A settembre il Governo Renzi darà la sua accelerata sul Jobs Act: fino a poco tempo fa l'argomento lavoro doveva essere affrontato solo nella prossima primavera, ma i recenti dati sulla disoccupazione al 12,6% (ben 3 milioni e 200 mila persone senza lavoro, il 43% costituito da giovani), ha posto tra le priorità dell'esecutivo alla ripresa dopo la pausa estiva, l'approvazione dei decreti delegati entro la fine del 2014, completando nel primo trimestre del 2015 la riforma del lavoro. E' il quotidiano "Il Messaggero" a rivelare i piani del Governo per abbassare quel tasso tanto imbarazzante di fronte a Bruxelles: è necessario un cambiamento profondo, un segnale forte capace di dare una scossa e liberare l'Italia dalla recessione.

Il piatto forte sul quale il Premier Matteo Renzi punterà sarà il contratto a tutele crescenti. Ai neo assunti verrà congelato l'articolo 18 per tre anni. Una misura che verrà presentata come necessaria (come la riforma del Senato), ma che certamente farà discutere, e tanto, la politica italiana: innanzitutto all'interno dello stesso Partito democratico una buona parte dei deputati si dissocerà.

In quanto al merito di una tale misura, possiamo prevederne già gli effetti: i disoccupati che avranno più fortuna avranno, nella migliore delle ipotesi, un lavoro e per tre anni saranno sotto schiaffo del datore di lavoro che potrà licenziarli in qualunque momento senza dover dare una motivazione e senza una "giusta causa".
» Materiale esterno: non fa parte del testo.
(* Let $1\le k<n$ (or $k\le n$), $\mathcal X=\mathbb C^n$, and let $v_1>v_2>\dots>v_k>0$ and $v_{k+1}=0$. Let $\mathcal R$ be the set of $k$-tuples $(x_1,\dots,x_k)$ of orthonormal vectors in $\mathcal X$. Define the quantum score $S=(s,\mu)$ on reports $\mathcal R$ with outcomes $\{1,\dots,k+1\}$ by $\mu((x_1,\dots,x_k))=\{x_1x_1^*,\dots,x_kx_k^*,\,I-\sum_{i=1}^kx_ix_i^*\}$ and $s((x_1,\dots,x_k),y)=v_y$. Then for every $\rho\in\mathrm{Dens}(\mathcal X)$, $S((x_1,\dots,x_k);\rho)=\langle\sum_{i=1}^kv_ix_ix_i^*,\rho\rangle$, and the set of maximizers $\arg\max_{r\in\mathcal R}S(r;\rho)$ equals the set of orthonormal tuples $(x_1,\dots,x_k)$ such that $\rho x_i=\lambda_i(\rho)x_i$ for each $i=1,\dots,k$. In particular, $S$ elicits the set-valued property $\Gamma_{1..k}$.
   Context: $\langle X,Y\rangle=\mathrm{Tr}(X^*Y)$; $\mathrm{Dens}(\mathcal X)$ the density matrices; $\lambda_i(\rho)$ the $i$-th largest eigenvalue of $\rho$. For a quantum score on a report set $\mathcal R$, $S=(s,\mu)$ with $\mu(r)$ a measurement (positive semidefinite operators summing to $I$) and expected score $S(r;\rho)=\sum_y\langle\mu(r)_y,\rho\rangle s(r,y)$. A set-valued property $\Gamma:\mathrm{Dens}(\mathcal X)\to 2^{\mathcal R}$ is elicited by $S$ if $\Gamma(\rho)=\arg\max_{r\in\mathcal R}S(r;\rho)$ for every $\rho$. $\Gamma_{1..k}(\rho)$ is the set of orthonormal $k$-tuples $(x_1,\dots,x_k)$ where $x_i$ is an eigenvector of $\rho$ with eigenvalue $\lambda_i(\rho)$. *)

theory Defs
  imports "Jordan_Normal_Form.Schur_Decomposition" "HOL-Library.Multiset"
begin

definition mtrace :: "complex mat \<Rightarrow> complex" where
  "mtrace A = (\<Sum>i<dim_row A. A $$ (i, i))"

definition hs_inner :: "complex mat \<Rightarrow> complex mat \<Rightarrow> complex" where
  "hs_inner X Y = mtrace (mat_adjoint X * Y)"

definition density :: "nat \<Rightarrow> complex mat \<Rightarrow> bool" where
  "density n \<rho> \<longleftrightarrow> \<rho> \<in> carrier_mat n n \<and> mat_adjoint \<rho> = \<rho>
     \<and> (\<forall>w \<in> carrier_vec n. 0 \<le> Re (conjugate w \<bullet> (\<rho> *\<^sub>v w))) \<and> mtrace \<rho> = 1"

text \<open>Eigenvalues of rho (with multiplicity: the roots of the characteristic polynomial),
  sorted in decreasing order; eig_desc rho i is the i-th largest (i starting at 1).
  For Hermitian rho all these roots are real, so taking real parts loses nothing.\<close>
definition eig_desc :: "complex mat \<Rightarrow> nat \<Rightarrow> real" where
  "eig_desc \<rho> i = rev (sorted_list_of_multiset (image_mset Re (proots (char_poly \<rho>)))) ! (i - 1)"

definition outer :: "nat \<Rightarrow> complex vec \<Rightarrow> complex mat" where
  "outer n x = mat n n (\<lambda>(a, b). x $ a * cnj (x $ b))"

text \<open>Orthonormal k-tuples in C^n, represented as lists of length k (entry i-1 is x_i).\<close>
definition orthonormal_tuples :: "nat \<Rightarrow> nat \<Rightarrow> complex vec list set" where
  "orthonormal_tuples n k = {xs. length xs = k \<and> set xs \<subseteq> carrier_vec n \<and>
      (\<forall>i<k. \<forall>j<k. xs ! i \<bullet>c xs ! j = (if i = j then 1 else 0))}"

definition qscore_exp :: "'y set \<Rightarrow> ('r \<Rightarrow> 'y \<Rightarrow> real) \<Rightarrow> ('r \<Rightarrow> 'y \<Rightarrow> complex mat)
     \<Rightarrow> 'r \<Rightarrow> complex mat \<Rightarrow> complex" where
  "qscore_exp Y s \<mu> r \<rho> = (\<Sum>y\<in>Y. hs_inner (\<mu> r y) \<rho> * complex_of_real (s r y))"

definition qargmax :: "'r set \<Rightarrow> 'y set \<Rightarrow> ('r \<Rightarrow> 'y \<Rightarrow> real) \<Rightarrow> ('r \<Rightarrow> 'y \<Rightarrow> complex mat)
     \<Rightarrow> complex mat \<Rightarrow> 'r set" where
  "qargmax R Y s \<mu> \<rho> = {r \<in> R. \<forall>r' \<in> R. Re (qscore_exp Y s \<mu> r' \<rho>) \<le> Re (qscore_exp Y s \<mu> r \<rho>)}"

definition elicits :: "nat \<Rightarrow> 'r set \<Rightarrow> 'y set \<Rightarrow> ('r \<Rightarrow> 'y \<Rightarrow> real) \<Rightarrow> ('r \<Rightarrow> 'y \<Rightarrow> complex mat)
     \<Rightarrow> (complex mat \<Rightarrow> 'r set) \<Rightarrow> bool" where
  "elicits n R Y s \<mu> \<Gamma> \<longleftrightarrow> (\<forall>\<rho>. density n \<rho> \<longrightarrow> \<Gamma> \<rho> = qargmax R Y s \<mu> \<rho>)"

definition Gamma_top :: "nat \<Rightarrow> nat \<Rightarrow> complex mat \<Rightarrow> complex vec list set" where
  "Gamma_top n k \<rho> = {xs \<in> orthonormal_tuples n k.
      \<forall>i<k. \<rho> *\<^sub>v (xs ! i) = complex_of_real (eig_desc \<rho> (Suc i)) \<cdot>\<^sub>v (xs ! i)}"

definition top_mu :: "nat \<Rightarrow> nat \<Rightarrow> complex vec list \<Rightarrow> nat \<Rightarrow> complex mat" where
  "top_mu n k xs y = (if y \<le> k then outer n (xs ! (y - 1))
       else 1\<^sub>m n - mat n n (\<lambda>(a, b). \<Sum>i<k. (xs ! i) $ a * cnj ((xs ! i) $ b)))"

definition weighted_outer :: "nat \<Rightarrow> nat \<Rightarrow> (nat \<Rightarrow> real) \<Rightarrow> complex vec list \<Rightarrow> complex mat" where
  "weighted_outer n k v xs = mat n n (\<lambda>(a, b).
       \<Sum>i<k. complex_of_real (v (Suc i)) * ((xs ! i) $ a * cnj ((xs ! i) $ b)))"

end

theory Submission
  imports Defs
begin

text \<open>Let \<open>u\<^sub>1, \<dots>, u\<^sub>n\<close> be an orthonormal eigenbasis of \<open>\<rho>\<close> with eigenvalues
  \<open>\<lambda>\<^sub>1 \<ge> \<dots> \<ge> \<lambda>\<^sub>n\<close>. The expected score of an orthonormal tuple is
  \<open>\<Sum>\<^sub>i v\<^sub>i \<langle>x\<^sub>i, \<rho> x\<^sub>i\<rangle> = \<Sum>\<^sub>i v\<^sub>i \<Sum>\<^sub>m \<lambda>\<^sub>m p\<^sub>i\<^sub>m\<close> with \<open>p\<^sub>i\<^sub>m = |\<langle>u\<^sub>m, x\<^sub>i\<rangle>|\<^sup>2\<close>, a matrix whose rows sum
  to one (Parseval) and whose columns sum to at most one (Bessel). Summation by parts writes the
  score as \<open>\<Sum>\<^sub>j (v\<^sub>j - v\<^sub>j\<^sub>+\<^sub>1)\<close> times the total weight of the first \<open>j\<close> rows, which is at most
  \<open>\<lambda>\<^sub>1 + \<dots> + \<lambda>\<^sub>j\<close> because these rows put mass at most one on each eigenvalue. So the score
  is at most \<open>\<Sum>\<^sub>i v\<^sub>i \<lambda>\<^sub>i\<close>, the eigenbasis attains this bound, and since the weights \<open>v\<^sub>j - v\<^sub>j\<^sub>+\<^sub>1\<close>
  are positive, equality forces every \<open>x\<^sub>i\<close> to live in the \<open>\<lambda>\<^sub>i\<close>-eigenspace.\<close>

lemma mat_adjoint_eq: "mat_adjoint (A :: complex mat) = mat (dim_col A) (dim_row A) (\<lambda>(i, j). cnj (A $$ (j, i)))"
  by (rule eq_matI) (auto simp: mat_adjoint_def mat_of_rows_def)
Un turnover che porterà i precari a tornare ad essere disoccupati e i disoccupati a salire il gradino della precarietà. E viceversa nel tempo. Anche l'ultimo dei "choosy" si renderebbe conto che, nella più rosea delle ipotesi, potrebbe arrivare al termine dei tre anni, non vedendosi poi rinnovare il contratto a tempo indeterminato perché sicuramente una norma del genere conterrà una scappatoia per l'impresa.

Scappatoia che, una volta superato il periodo di prova di 6 mesi, impone al datore di rispettare solo il periodo di preavviso per allontanare il lavoratore. Un puntiglio che farà perdere del tempo a Montecitorio per una misura che non darà alcuna boccata d'ossigeno all'occupazione. Lo dicono gli stessi imprenditori italiani per i quali le priorità sono l'abbattimento della burocrazia, il dimezzamento delle tasse, l'ottenimento di capitali dalle banche.

Di oppressione da articolo 18 non se n'è mai parlato. La riforma contiene anche la riduzione dei contributi: l'imprenditore spenderà la metà di quanto investe adesso per un lavoratore dipendente a tempo indeterminato e un terzo in meno rispetto a un dipendente a tempo determinato. E le tipologie contrattuali non saranno più così numerose: dalle 40 attuali, ne resisteranno pochi: quelli a tempo indeterminato e a tutela crescente, tempo determinato, apprendistato, somministrazione. Nulla si sa, al momento, su cosa si farà per i co.co.co., i co.co.pro e la miriade di false partite Iva.